President Obama plans to use his address before the NAACP national conference in Philadelphia Tuesday to make the case for an overhaul of the criminal justice system to loosen harsh mandatory minimum sentences for nonviolent offenses and end disparities in punishment.

At the NAACP conference in Philadelphia Tuesday, President Obama will make the case for changes to the criminal justice system to eliminate racial disparities in sentencing and unduly harsh mandatory-minimum sentences for nonviolent offenders, White House officials said.

Obama also will argue that such an approach will leave more resources to address violent crime and that second chances are an integral part of the American ideal.

Obama's 28th visit to Pennsylvania as president comes the day after he commuted the sentences of 46 drug offenders serving long federal sentences, thus doubling the number of nonviolent criminals granted clemency during his administration.

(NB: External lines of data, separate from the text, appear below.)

(* Let $\mathbf k$ be a commutative ring with identity and $X$ a set, with $\Delta$ and $\mathcal N^{(n)}$ as in the context. Then for every $n\ge0$, $$\Delta(\mathcal N^{(n)})\subseteq\big(\mathcal N^{(0)}\otimes\mathcal N^{(n)}\big)\oplus\Big(\bigoplus_{p+q=n,\ p>0,\ q>0}\mathcal N^{(p)}\otimes\mathcal N^{(q)}\Big).$$
   Context: Let $M(X)$ be the free monoid on $X$ with identity $\mathbf 1$ and $S(X)=M(X)\setminus\{\mathbf 1\}$. For a set $Y$ write $\lfloor Y\rfloor=\{\lfloor y\rfloor: y\in Y\}$ for a disjoint copy of $Y$. Bracketed words: $\mathfrak M_0=M(X)$, $\mathfrak M_{n+1}=M(X\sqcup\lfloor\mathfrak M_n\rfloor)$, $\mathfrak M(X)=\bigcup_n\mathfrak M_n$ (monoid under concatenation); $\mathrm{dep}(w)$ is the least $n$ with $w\in\mathfrak M_n$; every $w\ne\mathbf 1$ has a unique standard decomposition $w=w_1\cdots w_m$ with factors alternately in $S(X)$ and $\lfloor\mathfrak M(X)\rfloor$ ($m$ = breadth). $\mathfrak X_0=M(X)$; for $n\ge1$, $\mathfrak X_n$ consists of $\mathbf 1$ and all words $w_1\cdots w_m$ ($m\ge1$) with factors alternately in $S(X)$ and $\lfloor\mathfrak X_{n-1}\rfloor$; $\mathfrak X_\infty=\bigcup_n\mathfrak X_n$. $\mathcal N(X)=\mathbf k\mathfrak X_\infty$ (free $\mathbf k$-module), $N_X(w)=\lfloor w\rfloor$ extended linearly (also written $\lfloor a\rfloor$). Product $\diamond$ (bilinear, by induction on $\mathrm{dep}(w)+\mathrm{dep}(w')$): $\mathbf 1$ is the identity; for breadth-one $w,w'\ne\mathbf 1$: $w\diamond w'=ww'$ if one of them is in $S(X)$, and $\lfloor\bar w\rfloor\diamond\lfloor\bar w'\rfloor=\lfloor\lfloor\bar w\rfloor\diamond\bar w'\rfloor+\lfloor\bar w\diamond\lfloor\bar w'\rfloor\rfloor-\lfloor\lfloor\bar w\diamond\bar w'\rfloor\rfloor$; in general $w\diamond w'=w_1\cdots w_{m-1}(w_m\diamond w'_1)w'_2\cdots w'_{m'}$ for standard decompositions. $(\mathcal N(X),\diamond,N_X)$ is an associative unital algebra with identity $\mathbf 1$ and Nijenhuis operator $N_X$ (the free Nijenhuis algebra on $X$). A sequence $w_1,\dots,w_m$ in $\mathcal I:=X\sqcup\lfloor\mathfrak X_\infty\rfloor$ is alternating if for each $i$ at least one of $w_i,w_{i+1}$ lies in $X$. Every $w\in\mathfrak X_\infty\setminus\{\mathbf 1\}$ can be written uniquely as $w=w_1\diamond\cdots\diamond w_m$ (equal to the concatenation $w_1\cdots w_m$) with $w_1,\dots,w_m$ alternating in $\mathcal I$; $m=\mathrm{wid}(w)$ is the width, $\mathrm{wid}(\mathbf 1)=0$. $\mathcal N(X)\otimes\mathcal N(X)$ carries the product $(a\otimes b)\diamond(a'\otimes b')=(a\diamond a')\otimes(b\diamond b')$. The linear map $\Delta:\mathcal N(X)\to\mathcal N(X)\otimes\mathcal N(X)$ is defined on $\mathfrak X_\infty$ by induction on depth: $\Delta(\mathbf 1)=\mathbf 1\otimes\mathbf 1$; $\Delta(x)=\mathbf 1\otimes x$ for $x\in X$; $\Delta(x_1\cdots x_m)=\Delta(x_1)\diamond\cdots\diamond\Delta(x_m)$ for $x_i\in X$, $m\ge2$; $\Delta(\lfloor\bar w\rfloor)=(\mathrm{id}\otimes N_X)\Delta(\bar w)$ for $\bar w\in\mathfrak X_\infty$; and if $w$ has $\diamond$-factorization $w=w_1\diamond\cdots\diamond w_m$ with $m\ge2$, $\Delta(w)=\Delta(w_1)\diamond\cdots\diamond\Delta(w_m)$. Grading: for $w\in\mathfrak X_\infty$, $\deg(w)=\deg_X(w)+\deg_N(w)$, where $\deg_X(w)$ is the number of occurrences of letters of $X$ in $w$ and $\deg_N(w)$ the number of occurrences of the bracket $\lfloor\ \rfloor$ (e.g. $\deg(\lfloor x\rfloor)=2$, $\deg(x\lfloor x\rfloor)=3$). Set $\mathcal N^{(n)}=\mathbf k\{w\in\mathfrak X_\infty:\deg(w)=n\}$; thus $\mathcal N(X)=\bigoplus_{n\ge0}\mathcal N^{(n)}$, $\mathcal N^{(0)}=\mathbf k\mathbf 1$, and $N_X(\mathcal N^{(n)})\subseteq\mathcal N^{(n+1)}$. *)

theory Defs
  imports Main
begin

text \<open>A bracketed word is a list of atoms; an atom is either a letter of X or
a bracket applied to a bracketed word.  The empty list is the identity 1.\<close>

datatype 'x atom = Let 'x | Brk "'x atom list"

type_synonym 'x word = "'x atom list"

fun is_brk :: "'x atom \<Rightarrow> bool" where
  "is_brk (Let x) = False"
| "is_brk (Brk u) = True"

text \<open>Membership in the set of Nijenhuis words (no two adjacent brackets, recursively).\<close>
fun nwf :: "'x word \<Rightarrow> bool" and nwf_atom :: "'x atom \<Rightarrow> bool" where
  "nwf [] = True"
| "nwf (a # w) = (nwf_atom a \<and> nwf w \<and>
      (case w of [] \<Rightarrow> True | b # _ \<Rightarrow> \<not> (is_brk a \<and> is_brk b)))"
| "nwf_atom (Let x) = True"
| "nwf_atom (Brk u) = nwf u"

fun ndeg :: "'x word \<Rightarrow> nat" and ndeg_atom :: "'x atom \<Rightarrow> nat" where
  "ndeg [] = 0"
| "ndeg (a # w) = ndeg_atom a + ndeg w"
| "ndeg_atom (Let x) = 1"
| "ndeg_atom (Brk u) = Suc (ndeg u)"

type_synonym ('k, 'b) lc = "('k \<times> 'b) list"

definition lc_coeff :: "('k::comm_ring_1, 'b) lc \<Rightarrow> 'b \<Rightarrow> 'k" where
  "lc_coeff L z = sum_list (map (\<lambda>(c, z'). if z' = z then c else 0) L)"

definition lc_neg :: "('k::comm_ring_1, 'b) lc \<Rightarrow> ('k, 'b) lc" where
  "lc_neg L = map (\<lambda>(c, w). (- c, w)) L"

definition lc_brk :: "('k, 'x word) lc \<Rightarrow> ('k, 'x word) lc" where
  "lc_brk L = map (\<lambda>(c, w). (c, [Brk w])) L"

definition lc_pre :: "'x word \<Rightarrow> ('k, 'x word) lc \<Rightarrow> ('k, 'x word) lc" where
  "lc_pre p L = map (\<lambda>(c, w). (c, p @ w)) L"

definition lc_suf :: "('k, 'x word) lc \<Rightarrow> 'x word \<Rightarrow> ('k, 'x word) lc" where
  "lc_suf L s = map (\<lambda>(c, w). (c, w @ s)) L"

fun dia :: "'x word \<Rightarrow> 'x word \<Rightarrow> ('k::comm_ring_1, 'x word) lc"
and dia1 :: "'x atom \<Rightarrow> 'x word \<Rightarrow> ('k::comm_ring_1, 'x word) lc" where
  "dia [] v = [(1, v)]"
| "dia [a] v = dia1 a v"
| "dia (a # b # u) v = lc_pre [a] (dia (b # u) v)"
| "dia1 a [] = [(1, [a])]"
| "dia1 (Let x) v = [(1, Let x # v)]"
| "dia1 (Brk a) (Let y # v) = [(1, Brk a # Let y # v)]"
| "dia1 (Brk a) (Brk b # v) =
     lc_suf (lc_brk (dia1 (Brk a) b) @ lc_brk (dia a [Brk b])
             @ lc_neg (lc_brk (lc_brk (dia a b)))) v"

text \<open>N(X) \<otimes> N(X) is the free module on pairs of words; product is \<diamond> \<otimes> \<diamond>.\<close>
definition tmul :: "('k::comm_ring_1, 'x word \<times> 'x word) lc \<Rightarrow> ('k, 'x word \<times> 'x word) lc
                    \<Rightarrow> ('k, 'x word \<times> 'x word) lc" where
  "tmul L M = concat (map (\<lambda>(c, (u, v)). concat (map (\<lambda>(d, (u', v')).
      concat (map (\<lambda>(e, u''). map (\<lambda>(f, v''). (c * d * e * f, (u'', v'')))
         (dia v v')) (dia u u'))) M)) L)"

fun Delta :: "'x word \<Rightarrow> ('k::comm_ring_1, 'x word \<times> 'x word) lc"
and Delta_atom :: "'x atom \<Rightarrow> ('k::comm_ring_1, 'x word \<times> 'x word) lc" where
  "Delta [] = [(1, ([], []))]"
| "Delta (a # w) = tmul (Delta_atom a) (Delta w)"
| "Delta_atom (Let x) = [(1, ([], [Let x]))]"
| "Delta_atom (Brk u) = map (\<lambda>(c, (p, q)). (c, (p, [Brk q]))) (Delta u)"

text \<open>Elements of N(X) as finitely supported coefficient functions on Nijenhuis words;
 \<Delta> extended linearly; elements of the tensor square as coefficient functions on pairs.\<close>
definition DeltaN :: "('x word \<Rightarrow> 'k::comm_ring_1) \<Rightarrow> ('x word \<times> 'x word \<Rightarrow> 'k)" where
  "DeltaN a = (\<lambda>z. \<Sum>w\<in>{w. a w \<noteq> 0}. a w * lc_coeff (Delta w) z)"

definition Ncomp :: "nat \<Rightarrow> ('x word \<Rightarrow> 'k::comm_ring_1) set" where
  "Ncomp n = {a. finite {w. a w \<noteq> 0} \<and> (\<forall>w. a w \<noteq> 0 \<longrightarrow> nwf w \<and> ndeg w = n)}"

definition tens_basis :: "nat \<Rightarrow> nat \<Rightarrow> ('x word \<times> 'x word) set" where
  "tens_basis p q = {(u, v). nwf u \<and> nwf v \<and> ndeg u = p \<and> ndeg v = q}"

definition Target :: "nat \<Rightarrow> ('x word \<times> 'x word \<Rightarrow> 'k::comm_ring_1) set" where
  "Target n = {T. finite {z. T z \<noteq> 0} \<and>
     (\<forall>z. T z \<noteq> 0 \<longrightarrow> z \<in> tens_basis 0 n \<union>
        (\<Union>{tens_basis p q | p q. p + q = n \<and> 0 < p \<and> 0 < q}))}"

end

theory Submission
  imports Defs
begin

text \<open>Every term of \<open>\<Delta>(w)\<close> is a pair \<open>p \<otimes> q\<close> of Nijenhuis words with
  \<open>deg p + deg q = deg w\<close>, since \<open>\<diamond>\<close> is homogeneous and \<open>\<Delta>\<close> is built from \<open>\<diamond>\<close>
  and the bracket on the right factor.  Moreover \<open>q \<noteq> 1\<close> for \<open>w \<noteq> 1\<close>: the base
  case is \<open>\<Delta>(x) = 1 \<otimes> x\<close>, brackets only act on the right factor, and a product
  has positive degree as soon as one factor does.  Hence a term of positive left
  degree has positive right degree, which is the claimed decomposition.\<close>

lemma mem_dia1_Brk_BrkE:
  assumes "(c, w) \<in> set (dia1 (Brk a) (Brk b # v) :: ('k::comm_ring_1, 'x word) lc)"
  obtains d u where "w = Brk u # v" "(d, u) \<in> set (dia1 (Brk a) b :: ('k, 'x word) lc)"
    | d u where "w = Brk u # v" "(d, u) \<in> set (dia a [Brk b] :: ('k, 'x word) lc)"
    | d u where "w = Brk [Brk u] # v" "(d, u) \<in> set (dia a b :: ('k, 'x word) lc)"
  using assms by (auto simp: lc_suf_def lc_brk_def lc_neg_def)

text \<open>The head condition carries the induction: a product starting with a bracket
  starts with a bracket, so prefixing a letter or a bracket keeps words alternating.\<close>
lemma dia_dia1_homogeneous:
  shows "nwf u \<Longrightarrow> nwf v \<Longrightarrow> (c, w) \<in> set (dia u v :: ('k::comm_ring_1, 'x word) lc) \<Longrightarrow>
      nwf w \<and> ndeg w = ndeg u + ndeg v \<and> (u \<noteq> [] \<longrightarrow> w \<noteq> [] \<and> is_brk (hd w) = is_brk (hd u))"
    and "nwf_atom a \<Longrightarrow> nwf v' \<Longrightarrow> (c', w') \<in> set (dia1 a v' :: ('k::comm_ring_1, 'x word) lc) \<Longrightarrow>
      nwf w' \<and> ndeg w' = ndeg_atom a + ndeg v' \<and> w' \<noteq> [] \<and> is_brk (hd w') = is_brk a"
proof (induction u v and a v' arbitrary: c w and c' w' rule: dia_dia1.induct)
  case (3 a b u v)
  then obtain w' where w: "w = a # w'" and w': "(c, w') \<in> set (dia (b # u) v :: ('k, 'x word) lc)"
    by (auto simp: lc_pre_def)
  have "nwf w' \<and> ndeg w' = ndeg (b # u) + ndeg v \<and> w' \<noteq> [] \<and> is_brk (hd w') = is_brk b"
    using "3.IH" w' "3.prems" by auto
  then show ?case
    using w "3.prems"(1) by (cases w') auto
next
  case (5 x v)
  then show ?case by (cases v) auto
next
  case (7 a b v)
  have nwf_b: "nwf b" and nwf_v: "nwf v" and head_v: "v = [] \<or> \<not> is_brk (hd v)"
    using "7.prems"(2) by (auto split: list.splits)
  have bracketed: "nwf (Brk u # v)" if "nwf u" for u
    using that nwf_v head_v by (auto split: list.splits)
  from "7.prems"(3) show ?case
  proof (cases rule: mem_dia1_Brk_BrkE)
    case (1 d u)
    then show ?thesis using "7.IH"(1)[of d u] "7.prems"(1) nwf_b bracketed by auto
  next
    case (2 d u)
    then show ?thesis using "7.IH"(2)[of d u] "7.prems"(1) nwf_b bracketed by auto
  next
    case (3 d u)
    then show ?thesis using "7.IH"(3)[of d u] "7.prems"(1) nwf_b bracketed by auto
  qed
qed auto

lemma tmul_memE:
  assumes "(c, (u, v)) \<in> set (tmul L M :: ('k::comm_ring_1, 'x word \<times> 'x word) lc)"
  obtains c1 p q d p' q' e f where "(c1, (p, q)) \<in> set L" "(d, (p', q')) \<in> set M"
    "(e, u) \<in> set (dia p p' :: ('k, 'x word) lc)" "(f, v) \<in> set (dia q q' :: ('k, 'x word) lc)"
  using assms unfolding tmul_def by (auto simp: case_prod_beta)

lemma Delta_Delta_atom_homogeneous:
  shows "(c, (p, q)) \<in> set (Delta w :: ('k::comm_ring_1, 'x word \<times> 'x word) lc) \<Longrightarrow>
      nwf p \<and> nwf q \<and> ndeg p + ndeg q = ndeg w \<and> (w \<noteq> [] \<longrightarrow> 0 < ndeg q)"
    and "(c', (p', q')) \<in> set (Delta_atom a :: ('k::comm_ring_1, 'x word \<times> 'x word) lc) \<Longrightarrow>
      nwf p' \<and> nwf q' \<and> ndeg p' + ndeg q' = ndeg_atom a \<and> 0 < ndeg q'"
proof (induction w and a arbitrary: c p q and c' p' q' rule: Delta_Delta_atom.induct)
  case (2 a w)
  from "2.prems" obtain c1 p1 q1 c2 p2 q2 e f
    where t1: "(c1, (p1, q1)) \<in> set (Delta_atom a :: ('k, 'x word \<times> 'x word) lc)"
      and t2: "(c2, (p2, q2)) \<in> set (Delta w :: ('k, 'x word \<times> 'x word) lc)"
      and p: "(e, p) \<in> set (dia p1 p2 :: ('k, 'x word) lc)"
      and q: "(f, q) \<in> set (dia q1 q2 :: ('k, 'x word) lc)"
    by (auto elim: tmul_memE)
  have h1: "nwf p1 \<and> nwf q1 \<and> ndeg p1 + ndeg q1 = ndeg_atom a \<and> 0 < ndeg q1"
    using "2.IH"(1) t1 by blast
  have h2: "nwf p2 \<and> nwf q2 \<and> ndeg p2 + ndeg q2 = ndeg w"
    using "2.IH"(2) t2 by blast
  have "nwf p \<and> ndeg p = ndeg p1 + ndeg p2" "nwf q \<and> ndeg q = ndeg q1 + ndeg q2"
    using dia_dia1_homogeneous(1) p q h1 h2 by blast+
  then show ?case
    using h1 h2 by simp
qed fastforce+

lemma lc_coeff_nonzero_mem: "lc_coeff L z \<noteq> 0 \<Longrightarrow> \<exists>c. (c, z) \<in> set L"
  unfolding lc_coeff_def by (induction L) (auto split: if_splits)

lemma DeltaN_support:
  fixes a :: "'x word \<Rightarrow> 'k::comm_ring_1"
  shows "{z. DeltaN a z \<noteq> 0} \<subseteq> (\<Union>w\<in>{w. a w \<noteq> 0}. snd ` set (Delta w :: ('k, 'x word \<times> 'x word) lc))"
proof
  fix z assume "z \<in> {z. DeltaN a z \<noteq> 0}"
  then obtain w where w: "w \<in> {w. a w \<noteq> 0}"
      and "a w * lc_coeff (Delta w :: ('k, 'x word \<times> 'x word) lc) z \<noteq> 0"
    unfolding DeltaN_def by (auto elim: sum.not_neutral_contains_not_neutral)
  then obtain c where "(c, z) \<in> set (Delta w :: ('k, 'x word \<times> 'x word) lc)"
    by (metis lc_coeff_nonzero_mem mult_zero_right)
  then show "z \<in> (\<Union>w\<in>{w. a w \<noteq> 0}. snd ` set (Delta w :: ('k, 'x word \<times> 'x word) lc))"
    using w by force
qed

lemma pair_in_target_basis:
  assumes "nwf p" "nwf q" "ndeg p + ndeg q = n" "ndeg p = 0 \<or> 0 < ndeg q"
  shows "(p, q) \<in> tens_basis 0 n \<union> \<Union>{tens_basis p q | p q. p + q = n \<and> 0 < p \<and> 0 < q}"
proof (cases "ndeg p = 0")
  case True
  then show ?thesis
    using assms by (simp add: tens_basis_def)
next
  case False
  have "(p, q) \<in> tens_basis (ndeg p) (ndeg q)"
    using assms by (simp add: tens_basis_def)
  moreover have "tens_basis (ndeg p) (ndeg q) \<in> {tens_basis p q | p q. p + q = n \<and> 0 < p \<and> 0 < q}"
    using assms False by (intro CollectI exI[of _ "ndeg p"] exI[of _ "ndeg q"]) simp
  ultimately show ?thesis
    by (intro UnI2 UnionI)
qed

theorem mainTheorem10:
  fixes n :: nat
  shows "DeltaN ` (Ncomp n :: ('x word \<Rightarrow> 'k::comm_ring_1) set) \<subseteq> Target n"
proof
  fix T assume "T \<in> DeltaN ` (Ncomp n :: ('x word \<Rightarrow> 'k::comm_ring_1) set)"
  then obtain a :: "'x word \<Rightarrow> 'k" where a: "a \<in> Ncomp n" and T: "T = DeltaN a" by blast
  have fin: "finite {w. a w \<noteq> 0}" and deg: "\<And>w. a w \<noteq> 0 \<Longrightarrow> ndeg w = n"
    using a unfolding Ncomp_def by blast+
  have "finite {z. T z \<noteq> 0}"
    unfolding T by (rule finite_subset[OF DeltaN_support]) (use fin in auto)
  moreover have "z \<in> tens_basis 0 n \<union> \<Union>{tens_basis p q | p q. p + q = n \<and> 0 < p \<and> 0 < q}"
    if "T z \<noteq> 0" for z
  proof -
    obtain w c p q where "a w \<noteq> 0" "(c, (p, q)) \<in> set (Delta w :: ('k, 'x word \<times> 'x word) lc)"
      and z: "z = (p, q)"
      using DeltaN_support \<open>T z \<noteq> 0\<close> unfolding T by fastforce
    then have "nwf p" "nwf q" "ndeg p + ndeg q = n" "ndeg p = 0 \<or> 0 < ndeg q"
      using Delta_Delta_atom_homogeneous(1) deg by fastforce+
    then show ?thesis
      unfolding z by (rule pair_in_target_basis)
  qed
  ultimately show "T \<in> Target n"
    unfolding Target_def by blast
qed

end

"These men and women were not hardened criminals," Obama said Monday in a Whte House video release. He said 14 of them had been given life sentences for nonviolent drug crimes. "So their punishments didn't fit the crime," the president said.

"I believe that at its heart, America is a nation of second chances," Obama continued, "and I believe these folks deserve their second chance."

Mandatory minimums have disproportionately affected blacks and Latinos, and there is a developing bipartisan consensus to reform sentencing guidelines and to smooth out disparities in punishment. Several Republican presidential candidates, including Kentucky Sen. Rand Paul, have called for changes in the way the law treats nonviolent offenses.

At the NAACP national conference in the Convention Center, Obama will call on Congress to act on changes this year, the White House said.